While access to voluminous data is key, the potential of AI for clinical decision support also hinges on data quality, bias mitigation, and data privacy and security. For example, if an AI model is developed with data that does not represent certain groups, the results of care delivered with the assistance of clinical decision support AI will not be equitable, according to an original research article in Health Policy and Technology. In fact, a systematic review by the Agency for Healthcare Research and Quality (AHRQ) Evidence-based Practice Center found that algorithms developed on subpar data can exacerbate racial and ethnic disparities, while those developed on high-quality, inclusive data can potentially reduce disparities.
Data privacy and ethical use is another challenge associated with the development and implementation of clinical decision support system AI, according to the World Economic Forum.
How to Ensure Data Quality for Clinical Decision Support AI
To achieve the best clinical care and patient safety results, the quality of data needs to be a top concern as AI is developed and implemented.

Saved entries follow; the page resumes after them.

lemma repetitions_bounds:
  fixes L :: real
  assumes L: "ln 2 \<le> L"
  defines "g \<equiv> nat \<lfloor>2 * L\<rfloor> + 1"
  shows "exp L * (1/2)^g < 1" "g \<le> 4 * L"
proof -
  have "2/3 \<le> L"
    using L ln2_ge_two_thirds by linarith
  have g_eq: "real g = \<lfloor>2 * L\<rfloor> + 1"
    unfolding g_def using \<open>2/3 \<le> L\<close> by simp
  then show "g \<le> 4 * L"
    using \<open>2/3 \<le> L\<close> by linarith
  have "L * 1 \<le> L * (2 * ln 2)"
    using \<open>2/3 \<le> L\<close> ln2_ge_two_thirds by (intro mult_left_mono) auto
  then have "L \<le> 2 * L * ln 2"
    by simp
  also have "\<dots> < g * ln 2"
    using g_eq by (intro mult_strict_right_mono) auto
  finally have "exp L < exp (g * ln 2)"
    by simp
  also have "\<dots> = 2^g"
    by (simp add: exp_of_nat_mult)
  finally have "exp L < 2^g" .
  then show "exp L * (1/2)^g < 1"
    by (simp add: field_simps)
qed

lemma selects_near_best_few_queries:
  assumes F: "finite F" "2 \<le> card F" "F \<subseteq> carrier_mat n n"
    and \<epsilon>: "0 < \<epsilon>" "\<epsilon> < 1" and \<delta>: "0 < \<delta>" "\<delta> < 1"
  shows "\<exists>M q Q out. real q \<le> 1000 * ln (card F / \<delta>) / \<epsilon>\<^sup>2 \<and> selects_near_best n F \<epsilon> \<delta> M q Q out"
proof -
  define L where "L = ln (card F / \<delta>)"
  define m where "m = nat \<lceil>128 / \<epsilon>\<^sup>2\<rceil>"
  define g where "g = nat \<lfloor>2 * L\<rfloor> + 1"
  have "2 < card F / \<delta>"
    using F(2) \<delta> by (simp add: less_divide_eq)
  then have L: "ln 2 \<le> L" and exp_L: "exp L = card F / \<delta>"
    unfolding L_def by simp_all
  have "0 < L"
    using L ln2_ge_two_thirds by linarith
  have "card F * (1/2)^g = \<delta> * (exp L * (1/2)^g)"
    using \<delta> exp_L by simp
  also have "\<dots> < \<delta>"
    using repetitions_bounds(1)[OF L] \<delta> unfolding g_def by simp
  finally have "card F * (1/2)^g < \<delta>" .
  then have "selects_near_best n F \<epsilon> \<delta> (measure_pmf (sketch_seeds m n g)) (g * m)
               (\<lambda>\<omega> as. query n \<omega> (length as)) (sketch_select F m g n)"
    using F \<epsilon> sketch_size_bounds[OF \<epsilon>] unfolding m_def by (intro selects_near_best_sketch) auto
  moreover have "real (g * m) \<le> (4 * L) * (129 / \<epsilon>\<^sup>2)"
  proof -
    have "real g \<le> 4 * L" "real m \<le> 129 / \<epsilon>\<^sup>2"
      unfolding g_def m_def by (fact repetitions_bounds(2)[OF L] sketch_size_bounds(3)[OF \<epsilon>])+
    then show ?thesis
      using \<open>0 < L\<close> unfolding of_nat_mult by (intro mult_mono) auto
  qed
  moreover have "(4 * L) * (129 / \<epsilon>\<^sup>2) \<le> 1000 * L / \<epsilon>\<^sup>2"
    using \<open>0 < L\<close> \<epsilon> by (simp add: field_simps)
  ultimately show ?thesis
    unfolding L_def by (blast intro: order_trans)
qed

lemma selects_near_best_exists:
  assumes F: "finite F" "F \<noteq> {}" "F \<subseteq> carrier_mat n n"
    and \<epsilon>: "0 < \<epsilon>" "\<epsilon> < 1" and \<delta>: "0 < \<delta>" "\<delta> < 1"
  shows "\<exists>M q Q out. real q \<le> 1000 * ln (card F / \<delta>) / \<epsilon>\<^sup>2 \<and> selects_near_best n F \<epsilon> \<delta> M q Q out"
proof (cases "2 \<le> card F")
  case True
  with assms show ?thesis
    by (intro selects_near_best_few_queries)
next
  case False
  have "0 < card F"
    using F by (simp add: card_gt_0_iff)
  with False have "card F = 1"
    by linarith
  then obtain B where "F = {B}"
    by (rule card_1_singletonE)
  moreover have "0 \<le> 1000 * ln (card F / \<delta>) / \<epsilon>\<^sup>2"
    using \<delta> \<open>F = {B}\<close> by simp
  ultimately show ?thesis
    using \<epsilon> \<delta> selects_near_best_singleton[of \<epsilon> \<delta> n B] by (metis of_nat_0)
qed

theorem claim2p1:
  shows "\<exists>C>0. \<forall>n (F :: real mat set) (\<epsilon>::real) (\<delta>::real).
     finite F \<and> F \<noteq> {} \<and> F \<subseteq> carrier_mat n n \<and> 0 < \<epsilon> \<and> \<epsilon> < 1 \<and> 0 < \<delta> \<and> \<delta> < 1 \<longrightarrow>
     (\<exists>(M :: seed measure) (q::nat) (Q :: seed \<Rightarrow> real vec list \<Rightarrow> real vec)
        (out :: seed \<Rightarrow> real vec list \<Rightarrow> real mat).
        prob_space M \<and>
        real q \<le> C * ln (real (card F) / \<delta>) / \<epsilon>\<^sup>2 \<and>
        (\<forall>\<omega> as. Q \<omega> as \<in> carrier_vec n) \<and>
        (\<forall>A \<in> carrier_mat n n.
           let S = {\<omega> \<in> space M. out \<omega> (answers Q A \<omega> q) \<in> F \<and>
                     frob_norm (A - out \<omega> (answers Q A \<omega> q))
                       \<le> (1 + \<epsilon>) * Min ((\<lambda>B. frob_norm (A - B)) ` F)}
           in S \<in> sets M \<and> measure M S > 1 - \<delta>))"
proof (intro exI[of _ "1000::real"] conjI allI impI)
  fix n and F :: "real mat set" and \<epsilon> \<delta> :: real
  assume "finite F \<and> F \<noteq> {} \<and> F \<subseteq> carrier_mat n n \<and> 0 < \<epsilon> \<and> \<epsilon> < 1 \<and> 0 < \<delta> \<and> \<delta> < 1"
  then obtain M q Q out where "real q \<le> 1000 * ln (card F / \<delta>) / \<epsilon>\<^sup>2" "selects_near_best n F \<epsilon> \<delta> M q Q out"
    using selects_near_best_exists[of F n \<epsilon> \<delta>] by (elim conjE) blast
  then show "\<exists>M q Q out. prob_space M \<and> real q \<le> 1000 * ln (card F / \<delta>) / \<epsilon>\<^sup>2 \<and>
               (\<forall>\<omega> as. Q \<omega> as \<in> carrier_vec n) \<and>
               (\<forall>A \<in> carrier_mat n n.
                  let S = {\<omega> \<in> space M. out \<omega> (answers Q A \<omega> q) \<in> F \<and>
                            frob_norm (A - out \<omega> (answers Q A \<omega> q))
                              \<le> (1 + \<epsilon>) * Min ((\<lambda>B. frob_norm (A - B)) ` F)}
                  in S \<in> sets M \<and> measure M S > 1 - \<delta>)"
    unfolding selects_near_best_def near_best_def
    by (intro exI[of _ M] exI[of _ q] exI[of _ Q] exI[of _ out]) simp
qed simp

end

To address quality concerns, Oliver Haase, a professor at the University of Applied Sciences in Konstanz, German, recommends the use of a data quality plan that includes the following components:
- Key quality metrics for the data
- A standard procedure for adding new data
- The process for future, consistent data cleaning
- A process for continuous data quality monitoring
Likewise, a data manipulation plan that describes the data processing steps should be leveraged. This plan should be implemented as reusable code.
In addition, it is important to ensure that clinical decision support AI model goals are in alignment with specific patient safety goals, such as identifying patient decompensation or improving infection control, according to a perspective article published by AHRQ. If the AI model is not precisely aligned with such patient safety goals, it might either miss critical signs of risk or generate false alarms.
Addressing Common Data Concerns
Researchers and developers also need to mitigate the effects of data bias. To do this, they should routinely analyze model metrics to detect bias, edit input variables, and explore the use of synthetic data, which involves creating artificial data that mimic real patient data but without the inherent biases, according to a review published by AHRQ.
Moreover, data-sharing practices for training and deploying clinical decision support AI must prioritize HIPAA compliance, encryption, and transparency to maintain patient trust and safety.
Because healthcare data contains personal and private patient information, sharing such data for AI model training and research purposes must be carried out with utmost caution and adherence to strict privacy and security measures, according to AHRQ.
Why New Data Could Make Clinical Decision Support AI Even Better
With data available today—especially laboratory information, imaging, and continuous vital sign data—it should be possible to reduce the frequency of many types of harm. However, when the data are available, they are often unstructured, undocumented, or disputed.
High-quality, large, annotated databases will prove quite fruitful in minimizing patient harm in the future. New types of data, especially from the huge array of sensing technologies becoming available, but also including data from various other sources like information supplied directly by patients, genomic sequencing, and social media, offer new opportunities to improve predictions as the first step toward development of preventive interventions to improve safety.
These types of data are becoming more accessible over time for research and to drive innovation in clinical decision support AI.